In October 2010, a team of evolutionary biologists from France and New Zealand wrote a review article summarizing the results of large-scale studies employing this DNA sequence data to address the origin of eukaryotes. At the time of publication, seven such studies had been conducted, using, for the most part, the same data sets.
Yet, instead of resolving the question (of the origin of eukaryotes), this work seems to have added more questions. According to the authors of the review paper, “the deluge of genomic data has not yet yielded a resolution to this debate and has, if anything, intensified it.”4
The problem is that three of the studies support the three-domain model and four support the two-domain model. The authors speculate that part of the problem may be related to the methods used to assemble and analyze the data.
Another possibility is that an evolutionary explanation for the origin of eukaryotes is incorrect. In science, contradictory results are a tell-tale indicator that something is fundamentally wrong—with the data, the methodologies, or the theory.

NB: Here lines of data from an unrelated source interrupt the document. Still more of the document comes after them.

lemma Z_moment_derivative_at_0:
  fixes pu :: "'u::finite pmf" and W :: "'u \<Rightarrow> 'v::finite pmf"
  shows "((\<lambda>b. Z_moment R pu W b) has_field_derivative ln 2 * (mutual_info pu W - R)) (at 0)"
proof -
  define d where "d = (\<lambda>u v. joint pu W u v * (if Zval R pu W u v = 0 then 0 else ln (Zval R pu W u v)))"
  have der1: "((\<lambda>b. joint pu W u v * Zval R pu W u v powr b) has_field_derivative d u v) (at 0)" for u v
  proof (cases "Zval R pu W u v = 0")
    case False
    hence "Zval R pu W u v > 0" using Zval_nonneg[of R pu W u v] by linarith
    thus ?thesis using False unfolding d_def by (auto intro!: derivative_eq_intros)
  qed (simp add: d_def)
  have dval: "d u v = ln 2 * (joint pu W u v * log 2 (joint pu W u v / (pmf pu u * pmf (outdist pu W) v))
      - R * joint pu W u v)" for u v
  proof (cases "joint pu W u v = 0")
    case False
    hence "joint pu W u v > 0" unfolding joint_def by (simp add: less_le)
    thus ?thesis using False Zval_zero_iff[of R pu W u v] joint_mult_ln_Zval unfolding d_def by simp
  qed (simp add: d_def)
  have "(\<Sum>u\<in>UNIV. \<Sum>v\<in>UNIV. d u v) = ln 2 * (mutual_info pu W - R)"
    unfolding dval mutual_info_def sum_distrib_left[symmetric] sum_subtractf
    by (simp add: sum_distrib_left[symmetric] sum_joint right_diff_distrib)
  moreover have "((\<lambda>b. Z_moment R pu W b) has_field_derivative (\<Sum>u\<in>UNIV. \<Sum>v\<in>UNIV. d u v)) (at 0)"
    unfolding Z_moment_def by (intro DERIV_sum der1)
  ultimately show ?thesis by simp
qed
(* Consider the faulty-starter delivery problem described in the context, with finisher starting position $(x,y)\neq(0,0)$, $y\ge0$, and $(x,y)\in\overline{D}(1,1)$. Then for every $a\in[0,1]$ and every algorithm $\mathcal{A}_a$ of the class described in the context, $\min\{\mathrm{CR}_{\mathcal{A}_d},\mathrm{CR}_{\mathcal{A}_0}\}\le \mathrm{CR}_{\mathcal{A}_a}$.
   Context: Setting. In the plane let $S=(0,0)$ and $T=(1,0)$. A "starter" drone carrying a package starts at $S$ at time $0$ and moves at unit speed along $\overline{ST}$ towards $T$. At an unknown time $t\in[0,1]$ it fails and stays forever at $(t,0)$ with the package (at time $s$ the package is at $(\min\{s,t\},0)$). A "finisher" drone starts at time $0$ at $P=(x,y)$ with $y\ge0$, moves at unit speed and can stop and turn instantaneously. The package can be handed over only when the drones are co-located; it is delivered at the first time the finisher, carrying the package, is at $T$. An online algorithm $\mathcal{A}$ specifies the finisher's trajectory using only $(x,y)$; $A(t)$ is its delivery time for fail time $t$. $\mathrm{Opt}(t)=\max\{1,\sqrt{(x-t)^2+y^2}+1-t\}$ is the optimal offline delivery time. $\mathrm{CR}_{\mathcal{A}}(t)=A(t)/\mathrm{Opt}(t)$ and $\mathrm{CR}_{\mathcal{A}}=\sup_{0\le t\le1}\mathrm{CR}_{\mathcal{A}}(t)$. $\overline{D}(c,r)$ denotes the closed disk of radius $r$ centered at $(c,0)$. Algorithms. $\mathcal{A}_0$: the finisher goes straight to $S$, then along $\overline{ST}$ towards $T$ until it finds the package, then on to $T$. $\mathcal{A}_d$ (for $x>0$): with $d=(x^2+y^2)/(2x)$, the finisher goes straight to $(d,0)$, then towards $S$ along the segment until it finds the package, then goes to $T$. For $a\in[0,1]$, an algorithm $\mathcal{A}_a$ is any online algorithm in which the finisher moves from $P$ along a straight line to $(a,0)$ and afterwards remains within $\overline{ST}$ until it picks up the package, after which it goes to $T$. *)

theory Defs
  imports "HOL-Analysis.Analysis"
begin

text \<open>S = (0,0), T = (1,0). A finisher trajectory (before pickup) is a function
  f :: real \<Rightarrow> real \<times> real of time (only times s \<ge> 0 matter).\<close>

text \<open>Position of the package at time s when the starter fails at time t.\<close>
definition pkg :: "real \<Rightarrow> real \<Rightarrow> real \<times> real" where
  "pkg t s = (min s t, 0)"

definition meet_times :: "(real \<Rightarrow> real \<times> real) \<Rightarrow> real \<Rightarrow> real set" where
  "meet_times f t = {s. 0 \<le> s \<and> f s = pkg t s}"

text \<open>Delivery time: the finisher picks up the package at the first meeting time \<tau>
  (the package is then at (min \<tau> t, 0)) and goes straight to T = (1,0).\<close>
definition deliv :: "(real \<Rightarrow> real \<times> real) \<Rightarrow> real \<Rightarrow> ereal" where
  "deliv f t = (if meet_times f t \<noteq> {}
      then ereal (Inf (meet_times f t) + 1 - min (Inf (meet_times f t)) t)
      else \<infinity>)"

definition opt :: "real \<Rightarrow> real \<Rightarrow> real \<Rightarrow> real" where
  "opt x y t = max 1 (sqrt ((x - t)\<^sup>2 + y\<^sup>2) + 1 - t)"

definition CR :: "real \<Rightarrow> real \<Rightarrow> (real \<Rightarrow> real \<times> real) \<Rightarrow> ereal" where
  "CR x y f = (SUP t\<in>{0..1}. deliv f t / ereal (opt x y t))"

definition path_A0 :: "real \<Rightarrow> real \<Rightarrow> real \<Rightarrow> real \<times> real" where
  "path_A0 x y s = (let h = sqrt (x\<^sup>2 + y\<^sup>2) in
     if s \<le> h then (x, y) + (s / h) *\<^sub>R ((0, 0) - (x, y))
     else (min (s - h) 1, 0))"

definition path_Ad :: "real \<Rightarrow> real \<Rightarrow> real \<Rightarrow> real \<times> real" where
  "path_Ad x y s = (let d = (x\<^sup>2 + y\<^sup>2) / (2 * x) in
     if s \<le> d then (x, y) + (s / d) *\<^sub>R ((d, 0) - (x, y))
     else (max (d - (s - d)) 0, 0))"

end

theory Submission
  imports Defs
begin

When (most) scientists attempt to explain events in life’s history, like the origin of eukaryotes, they start with the belief that evolution is a fact and then interpret the data from an evolutionary framework. Often times this approach yields disparate evolutionary trees and accompanying controversy. In these situations, evolutionary biologists look to the future with the hope that access to a database of whole genome sequences will bring clarity to the evolutionary relationships. But as this latest research highlights, this isn’t the case. It looks like evolutionary biologists have reached the end of the road in their quest to explain the origin of eukaryotes. As the authors point out, “Despite the very large number of complex genomes used and the various means of data collection, the number of markers that can be used to investigate the relationship between the Archaea and the Eukarya is very small and seems to have reached its limit.”5
A key idea of the evolutionary paradigm, namely that evolutionary trees built from separate DNA sequence molecules should agree and should also agree with those constructed from morphology, is not supported by the evidence. This disagreement is more profound than it seems on the surface. It can be taken as evidence for the creation paradigm. According to the late evolutionary biologist Morris Goodman, in an article he wrote for The Cambridge Encyclopedia of Human Evolution:
“If the biblical account of creation were true, then independent features of morphology, proteins, and DNA sequences would not be expected to be congruent with each other. Chaotic patterns, with different proteins and different DNA sequences failing to indicate any consistent set of species relationships, would contradict the theory of evolution.” 6
Endnotes
- Simonetta Gribaldo et al., “The Origin of Eukaryotes and Their Relationship with the Archaea: Are We at a Phylogenomic Impasse?” Nature Reviews Microbiology 8 (2010): 743–52.
- For details of the evidence for the early appearance of life on Earth, see Fazale Rana and Hugh Ross, Origins of Life (Colorado Springs: Nav-Press, 2004).
- While prokaryotic cells show no internal morphology at a cellular level, they display remarkable organization at the molecular scale. For a discussion of the biochemical organization of prokaryotes, see Fazale Rana, The Cell’s Design (Grand Rapids, MI: Baker, 2008).
- Simonetta Gribaldo et al., 744.
- Ibid., 748.
- Morris Goodman, “Reconstructing Human Evolution from Proteins,” in The Cambridge Encyclopedia of Human Evolution, Steve Jones, Robert Martin, and David Pilbeam, Editors, (New York: Cambridge University Press, 1992), 307–13.